lemma weighted_sum_nonzero:
  fixes w :: "'i \<Rightarrow> 'a::linordered_idom" and l :: "'i \<Rightarrow> int"
  assumes "finite I" and "inj_on w I" and w_pos: "\<And>i. i \<in> I \<Longrightarrow> w i > 0"
    and "0 < (\<Sum>i\<in>I. \<bar>l i\<bar>)" and "(\<Sum>i\<in>I. \<bar>l i\<bar>) \<le> 2"
  shows "(\<Sum>i\<in>I. w i * of_int (l i)) \<noteq> 0"
proof -
  have sum_pos: "0 < (\<Sum>i\<in>I. w i * of_int (k i))"
    if "\<And>i. i \<in> I \<Longrightarrow> 0 \<le> k i" and "0 < (\<Sum>i\<in>I. \<bar>k i\<bar>)" for k :: "'i \<Rightarrow> int"
  proof -
    obtain i where "i \<in> I" "k i \<noteq> 0"
      using \<open>0 < (\<Sum>i\<in>I. \<bar>k i\<bar>)\<close> by (metis abs_zero less_irrefl sum.neutral)
    with that(1) have "0 < k i"
      by force
    with that(1) w_pos \<open>i \<in> I\<close> show ?thesis
      by (intro sum_pos2[OF \<open>finite I\<close> \<open>i \<in> I\<close>]) (auto intro!: mult_pos_pos mult_nonneg_nonneg simp: less_imp_le)
  qed
  consider "\<And>i. i \<in> I \<Longrightarrow> 0 \<le> l i" | "\<And>i. i \<in> I \<Longrightarrow> l i \<le> 0"
    | p n where "p \<in> I" "n \<in> I" "l p > 0" "l n < 0"
    by (meson linorder_not_le)
  then show ?thesis
  proof cases
    case 1
    then show ?thesis
      using sum_pos[OF 1 assms(4)] by simp
  next
    case 2
    have "0 < (\<Sum>i\<in>I. w i * of_int (- l i))"
      using assms(4) by (intro sum_pos) (simp_all add: 2)
    then show ?thesis
      by (simp add: sum_negf)
  next
    case (3 p n)
    have pn: "{p, n} \<subseteq> I" "p \<noteq> n"
      using 3 by auto
    have split: "sum f I = sum f (I - {p, n}) + f p + f n" for f :: "'i \<Rightarrow> 'b::comm_monoid_add"
      using sum.subset_diff[OF pn(1) \<open>finite I\<close>, of f] pn(2) by (simp add: add.assoc)
    have "(\<Sum>i\<in>I - {p, n}. \<bar>l i\<bar>) + l p - l n \<le> 2"
      using split[of "\<lambda>i. \<bar>l i\<bar>"] 3 assms(5) by simp
    moreover have "(\<Sum>i\<in>I - {p, n}. \<bar>l i\<bar>) \<ge> 0"
      by (simp add: sum_nonneg)
    ultimately have "(\<Sum>i\<in>I - {p, n}. \<bar>l i\<bar>) = 0" "l p = 1" "l n = -1"
      using 3 by linarith+
    then have "(\<Sum>i\<in>I. w i * of_int (l i)) = w p - w n"
      using split[of "\<lambda>i. w i * of_int (l i)"] \<open>finite I\<close> by (simp add: sum_nonneg_eq_0_iff)
    then show ?thesis
      using 3 pn \<open>inj_on w I\<close> by (auto dest: inj_onD)
  qed
qed

lemma abs_sum_mult_le:
  fixes a l :: "'i \<Rightarrow> 'a::linordered_idom"
  assumes "finite I"
  shows "\<bar>\<Sum>i\<in>I. a i * l i\<bar> \<le> (\<Sum>i\<in>I. \<bar>a i\<bar>) * (\<Sum>i\<in>I. \<bar>l i\<bar>)"
proof -
  have "\<bar>\<Sum>i\<in>I. a i * l i\<bar> \<le> (\<Sum>i\<in>I. \<bar>a i\<bar> * \<bar>l i\<bar>)"
    using sum_abs[of "\<lambda>i. a i * l i" I] by (simp add: abs_mult)
  also have "\<dots> \<le> (\<Sum>i\<in>I. \<bar>a i\<bar> * (\<Sum>k\<in>I. \<bar>l k\<bar>))"
    using assms by (intro sum_mono mult_left_mono member_le_sum) auto
  finally show ?thesis
    by (simp add: sum_distrib_right)
qed

lemma finite_image_l1_bounded:
  fixes F :: "('i \<Rightarrow> int) \<Rightarrow> 'b"
  assumes "finite I" and F: "\<And>l l'. (\<And>i. i \<in> I \<Longrightarrow> l i = l' i) \<Longrightarrow> F l = F l'"
  shows "finite {F l | l. (\<Sum>i\<in>I. \<bar>l i\<bar>) \<le> b}"
proof (rule finite_subset)
  show "{F l | l. (\<Sum>i\<in>I. \<bar>l i\<bar>) \<le> b} \<subseteq> F ` (PiE I (\<lambda>_. {-b..b}))"
  proof clarify
    fix l :: "'i \<Rightarrow> int"
    assume b: "(\<Sum>i\<in>I. \<bar>l i\<bar>) \<le> b"
    have "\<bar>l i\<bar> \<le> b" if "i \<in> I" for i
      using member_le_sum[OF that, of "\<lambda>i. \<bar>l i\<bar>"] \<open>finite I\<close> b by simp
    then have "restrict l I \<in> PiE I (\<lambda>_. {-b..b})"
      by (auto simp: abs_le_iff minus_le_iff)
    moreover have "F l = F (restrict l I)"
      by (rule F) simp
    ultimately show "F l \<in> F ` (PiE I (\<lambda>_. {-b..b}))"
      by blast
  qed
qed (simp add: \<open>finite I\<close> finite_PiE)

lemma finite_nonzero_abs_lower_bound:
  fixes X :: "'a::linordered_idom set"
  assumes "finite X"
  obtains c where "c > 0" and "\<And>x. x \<in> X \<Longrightarrow> x \<noteq> 0 \<Longrightarrow> c \<le> \<bar>x\<bar>"
proof
  show "Min (insert 1 (abs ` (X - {0}))) > 0"
    using assms by (subst Min_gr_iff) auto
  show "Min (insert 1 (abs ` (X - {0}))) \<le> \<bar>x\<bar>" if "x \<in> X" "x \<noteq> 0" for x
    using assms that by (intro Min_le) auto
qed

lemma lam_corr_sum_bounded_away:
  fixes \<nu> :: nat and jbar :: "nat \<Rightarrow> int"
  assumes "inj_on jbar {..<\<nu>}" and "\<And>i. i < \<nu> \<Longrightarrow> jbar i > 0"
  obtains \<alpha> :: real where "\<alpha> > 0"
    and "\<And>l. 0 < (\<Sum>i<\<nu>. \<bar>l i\<bar>) \<Longrightarrow> (\<Sum>i<\<nu>. \<bar>l i\<bar>) \<le> 2 \<Longrightarrow>
           \<alpha> \<le> \<bar>\<Sum>i<\<nu>. lam_corr (jbar i) * real_of_int (l i)\<bar>"
proof -
  let ?A = "\<lambda>l. \<Sum>i<\<nu>. lam_corr (jbar i) * real_of_int (l i)"
  have "finite {?A l | l. (\<Sum>i<\<nu>. \<bar>l i\<bar>) \<le> 2}"
    by (rule finite_image_l1_bounded) simp_all
  then obtain \<alpha> where \<alpha>: "\<alpha> > 0" "\<And>x. x \<in> {?A l | l. (\<Sum>i<\<nu>. \<bar>l i\<bar>) \<le> 2} \<Longrightarrow> x \<noteq> 0 \<Longrightarrow> \<alpha> \<le> \<bar>x\<bar>"
    using finite_nonzero_abs_lower_bound by blast
  have "inj_on (lam_corr \<circ> jbar) {..<\<nu>}"
    using assms by (intro comp_inj_on inj_on_subset[OF inj_on_lam_corr]) auto
  then have "?A l \<noteq> 0" if "0 < (\<Sum>i<\<nu>. \<bar>l i\<bar>)" "(\<Sum>i<\<nu>. \<bar>l i\<bar>) \<le> 2" for l
    using weighted_sum_nonzero[of "{..<\<nu>}" "lam_corr \<circ> jbar" l] that assms(2) lam_corr_pos
    by simp
  with \<alpha> show ?thesis
    using that by blast
qed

• Exercise goal
Wherever the string "open" occurs in the listing, return the line it sits on.

• Written answer
      using \<open>0 < (\<Sum>i\<in>I. \<bar>k i\<bar>)\<close> by (metis abs_zero less_irrefl sum.neutral)
    with that(1) w_pos \<open>i \<in> I\<close> show ?thesis
      by (intro sum_pos2[OF \<open>finite I\<close> \<open>i \<in> I\<close>]) (auto intro!: mult_pos_pos mult_nonneg_nonneg simp: less_imp_le)
      using sum.subset_diff[OF pn(1) \<open>finite I\<close>, of f] pn(2) by (simp add: add.assoc)
      using split[of "\<lambda>i. w i * of_int (l i)"] \<open>finite I\<close> by (simp add: sum_nonneg_eq_0_iff)
      using 3 pn \<open>inj_on w I\<close> by (auto dest: inj_onD)
      using member_le_sum[OF that, of "\<lambda>i. \<bar>l i\<bar>"] \<open>finite I\<close> b by simp
qed (simp add: \<open>finite I\<close> finite_PiE)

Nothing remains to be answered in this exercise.